Теперь наливаю водки я, выпиваю и, закусив куском колбасы, подхожу к окну.
Город еще спит, закутавшись в предрассветные сумерки. Ни людей на улице, ни машин. Мрачное утро.
Я слушаю майора, не перебивая, и когда тот заканчивает говорить, лишь качаю головой.
- Бред. Просто бред.
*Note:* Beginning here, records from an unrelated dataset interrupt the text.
definition blue :: "('a, 'b) twograph_scheme \<Rightarrow> 'a \<Rightarrow> bool" where
  "blue G l \<longleftrightarrow> l \<in> paths G \<and> snd (deg G l) = 0"

definition red :: "('a, 'b) twograph_scheme \<Rightarrow> 'a \<Rightarrow> bool" where
  "red G l \<longleftrightarrow> l \<in> paths G \<and> fst (deg G l) = 0"

definition row_finite :: "('a, 'b) twograph_scheme \<Rightarrow> bool" where
  "row_finite G \<longleftrightarrow> (\<forall>v\<in>vertices G. \<forall>n. finite {l \<in> paths G. rng G l = v \<and> deg G l = n})"

definition is_cycle :: "('a, 'b) twograph_scheme \<Rightarrow> 'a \<Rightarrow> bool" where
  "is_cycle G l \<longleftrightarrow> l \<in> paths G \<and> deg G l \<noteq> 0 \<and> rng G l = src G l \<and>
     (\<forall>n. 0 < n \<and> n < deg G l \<longrightarrow> seg G l n n \<noteq> src G l)"

definition isolated_cycle :: "('a, 'b) twograph_scheme \<Rightarrow> 'a \<Rightarrow> bool" where
  "isolated_cycle G l \<longleftrightarrow> is_cycle G l \<and>
     \<not> (\<exists>n \<le> deg G l. {p \<in> paths G. rng G p = rng G l \<and> deg G p = n} - {seg G l 0 n} \<noteq> {}) \<and>
     \<not> (\<exists>n \<le> deg G l. {p \<in> paths G. src G p = src G l \<and> deg G p = n}
                          - {seg G l (deg G l - n) (deg G l)} \<noteq> {})"

definition verts_on :: "('a, 'b) twograph_scheme \<Rightarrow> 'a \<Rightarrow> 'a set" where
  "verts_on G l = {seg G l n n | n. n \<le> deg G l}"

definition F1 :: "('a, 'b) twograph_scheme \<Rightarrow> 'a \<Rightarrow> 'a \<Rightarrow> 'a" where
  "F1 G p t = seg G (comp G p t) 0 (deg G t)"

definition F2 :: "('a, 'b) twograph_scheme \<Rightarrow> 'a \<Rightarrow> 'a \<Rightarrow> 'a" where
  "F2 G p t = seg G (comp G p t) (deg G t) (deg G (comp G p t))"

end

theory Submission
  imports Defs
begin

text \<open>
  Red paths at an isolated red cycle \<open>\<lambda>\<close> must run along it: for each vertex \<open>v\<close> of \<open>\<lambda>\<close> and
  each red degree there is exactly one red path of that degree with range \<open>v\<close>, and its source
  lies on \<open>\<lambda>\<close> again. This is proved one red edge at a time: preceded by the part of \<open>\<lambda>\<close> up
  to \<open>v\<close>, an edge with range \<open>v\<close> becomes an initial segment of \<open>\<lambda>\<close>, and by isolation \<open>\<lambda>\<close>
  has only one initial segment of each degree.

  For (1) factorise \<open>\<mu>\<sigma> = \<tau>\<rho>\<close> with \<open>d(\<tau>) = d(\<sigma>)\<close>, so \<open>\<tau> = F\<^sub>1(\<mu>,\<sigma>)\<close> is blue and
  \<open>\<rho>\<close> is red. Since \<open>\<rho>\<close> starts at \<open>s(\<sigma>) \<in> V\<^sub>2\<close> it ends in \<open>V\<^sub>2\<close>; it is the unique red path
  of its degree with range \<open>s(\<tau>)\<close>, so \<open>\<tau>\<close> determines \<open>\<rho>\<close> and, by cancellation, \<open>\<sigma>\<close>.
  Conversely, for \<open>\<tau>\<close> take the red path \<open>\<rho>\<close> along \<open>\<lambda>\<^sub>2\<close> with range \<open>s(\<tau>)\<close> and \<open>d(\<rho>) = d(\<mu>)\<close>
  and factorise \<open>\<tau>\<rho> = \<mu>'\<sigma>\<close>; uniqueness along \<open>\<lambda>\<^sub>1\<close> gives \<open>\<mu>' = \<mu>\<close>.
  Statement (2) is (1) in the opposite 2-graph, which swaps ranges and sources and turns
  \<open>F\<^sub>2\<close> into \<open>F\<^sub>1\<close>.
\<close>

locale two_graph =
  fixes G :: "('a, 'b) twograph_scheme"
  assumes is_2graph: "is_2graph G"
begin

lemma rng_in_vertices: "l \<in> paths G \<Longrightarrow> rng G l \<in> vertices G"
  and src_in_vertices: "l \<in> paths G \<Longrightarrow> src G l \<in> vertices G"
  using is_2graph unfolding is_2graph_def by blast+

lemma rng_vertex: "v \<in> vertices G \<Longrightarrow> rng G v = v"
  and src_vertex: "v \<in> vertices G \<Longrightarrow> src G v = v"
  using is_2graph unfolding is_2graph_def by blast+

lemma vertex_iff: "v \<in> vertices G \<longleftrightarrow> v \<in> paths G \<and> deg G v = 0"
  unfolding vertices_def by blast

lemma rng_src_simps [simp]:
  assumes "l \<in> paths G"
  shows "rng G l \<in> paths G" "deg G (rng G l) = 0" "rng G (rng G l) = rng G l" "src G (rng G l) = rng G l"
    and "src G l \<in> paths G" "deg G (src G l) = 0" "rng G (src G l) = src G l" "src G (src G l) = src G l"
  using rng_in_vertices[OF assms] src_in_vertices[OF assms] rng_vertex src_vertex
  by (auto simp: vertex_iff)

lemma comp_rng: "l \<in> paths G \<Longrightarrow> comp G (rng G l) l = l"
  and comp_src: "l \<in> paths G \<Longrightarrow> comp G l (src G l) = l"
  using is_2graph unfolding is_2graph_def by blast+

context
  fixes p q
  assumes composable: "p \<in> paths G" "q \<in> paths G" "src G p = rng G q"
begin

lemma comp_in_paths: "comp G p q \<in> paths G"
  and rng_comp: "rng G (comp G p q) = rng G p"
  and src_comp: "src G (comp G p q) = src G q"
  and deg_comp: "deg G (comp G p q) = deg G p + deg G q"
  using is_2graph composable unfolding is_2graph_def by blast+

end

lemma comp_assoc:
  "\<lbrakk>a \<in> paths G; b \<in> paths G; c \<in> paths G; src G a = rng G b; src G b = rng G c\<rbrakk> \<Longrightarrow>
    comp G (comp G a b) c = comp G a (comp G b c)"
  using is_2graph unfolding is_2graph_def by blast

lemma unique_factorization:
  "l \<in> paths G \<Longrightarrow> deg G l = m + n \<Longrightarrow>
    \<exists>!(p, q). p \<in> paths G \<and> q \<in> paths G \<and> src G p = rng G q \<and>
              deg G p = m \<and> deg G q = n \<and> comp G p q = l"
  using is_2graph unfolding is_2graph_def by blast

lemma factorization:
  assumes "l \<in> paths G" "deg G l = m + n"
  obtains p q where "p \<in> paths G" "q \<in> paths G" "src G p = rng G q"
    "deg G p = m" "deg G q = n" "comp G p q = l"
  using unique_factorization[OF assms] by auto

lemma factorization_unique:
  assumes "p \<in> paths G" "q \<in> paths G" "src G p = rng G q"
    and "p' \<in> paths G" "q' \<in> paths G" "src G p' = rng G q'"
    and "deg G p = deg G p'" "deg G q = deg G q'" "comp G p q = comp G p' q'"
  shows "p = p'" "q = q'"
proof -
  have "comp G p q \<in> paths G" "deg G (comp G p q) = deg G p + deg G q"
    using assms comp_in_paths deg_comp by auto
  from unique_factorization[OF this] assms have "(p, q) = (p', q')"
    by (auto simp: Ex1_def)
  then show "p = p'" "q = q'" by auto
qed

lemma cancel_left:
  "\<lbrakk>p \<in> paths G; x \<in> paths G; y \<in> paths G; src G p = rng G x; src G p = rng G y;
    deg G x = deg G y; comp G p x = comp G p y\<rbrakk> \<Longrightarrow> x = y"
  using factorization_unique(2)[of p x p y] by auto

lemma deg_zero_rng_src:
  assumes "x \<in> paths G" "deg G x = (0, 0)"
  shows "rng G x = x" "src G x = x"
  using assms rng_vertex src_vertex by (simp_all add: vertex_iff zero_prod_def)

lemma red_path_Suc_split:
  assumes "x \<in> paths G" "deg G x = (0, Suc k)"
  obtains e x' where "e \<in> paths G" "x' \<in> paths G" "src G e = rng G x'"
    "deg G e = (0, 1)" "deg G x' = (0, k)" "comp G e x' = x"
proof -
  have "deg G x = (0, 1) + (0, k)"
    using assms(2) by simp
  with assms(1) show thesis
    using that by (rule factorization)
qed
И эта теория эволюции сознания...
- Ну, почему же бред? - сосед с серьезным видом берет бутылку с водкой и выливает ее содержимое в раковину. Я не нахожу слов, и только наблюдаю, как толчками, с бульканьем, панацея от многих людских бед покидает стеклянный сосуд. - А ведь ты мне так и не поверил, Кир. Что ж, я не ждал скорой победы. Пойдем.
- Куда?
- Искать ответы, - майор открывает дверь квартиры и выходит на лестничную площадку. Я иду следом. - Если придерживаться этой самой теории, то твое сознание сейчас находится в состоянии стасиса. Процесс перестройки прервался, едва твой корабль удалился от Земли. Поэтому, пока он снова не запустился, у нас есть шанс разобраться в происходящем. Вся надежда на тебя, Кир.
- Как я это сделаю?
- Я тебе помогу, - сосед останавливается перед своей квартирой, открывает дверь. За ней, вопреки здравому смыслу, начинается длиннющий коридор с множеством зеркал в рост человека. Словно бесконечная комната смеха. - Это ячейки твоей памяти. Искать надо среди них. Я очень хотел бы пойти с тобой, но тогда твой мозг уже невозможно будет восстановить.
Я стою на пороге, не решаясь войти. До меня окончательно доходит, что майор прав, и все вокруг лишь иллюзия. Мое субъективное пространство, мой маленький мир, в котором вдруг появился нежданный персонаж, перевернувший с ног на голову действующие порядки, законы, правила...Майор? Почему все-таки майор? Я ведь никогда особенно не питал к нему симпатии. Скорее жалел, сочувствовал. Как врач возле постели неизлечимо больного пациента. В его силах только облегчить страдания препаратами, так и я иногда помогал ему деньгами, когда видел, что тот совсем плох и вот-вот загнется.
- Почему зеркала? - спрашиваю я, переступая порог.
Майерс не отвечает. Затем дверь за моей спиной с лязгом закрывается, и я остаюсь один. Осторожно подхожу к первому зеркалу. Что там, по ту сторону? Фрагменты моей жизни? Но хочу ли я все это пережить заново? Многое уже успело забыться, и вряд ли сейчас смогу сказать, каких моментов было больше: хороших или плохих, грустных или веселых. Всего помаленьку. Что-то никогда не захочется вспоминать, а что-то не выкинуть из головы, даже если очень постараться. И, как правило, все самое плохое будет в памяти до конца. Здесь, как отражение в одном из этих сотен зеркал. Может быть именно в этом, перед которым я стою. А может в следующем.
Меня начинает пробирать озноб. Делаю усилие над собой, и заглядываю в бездну...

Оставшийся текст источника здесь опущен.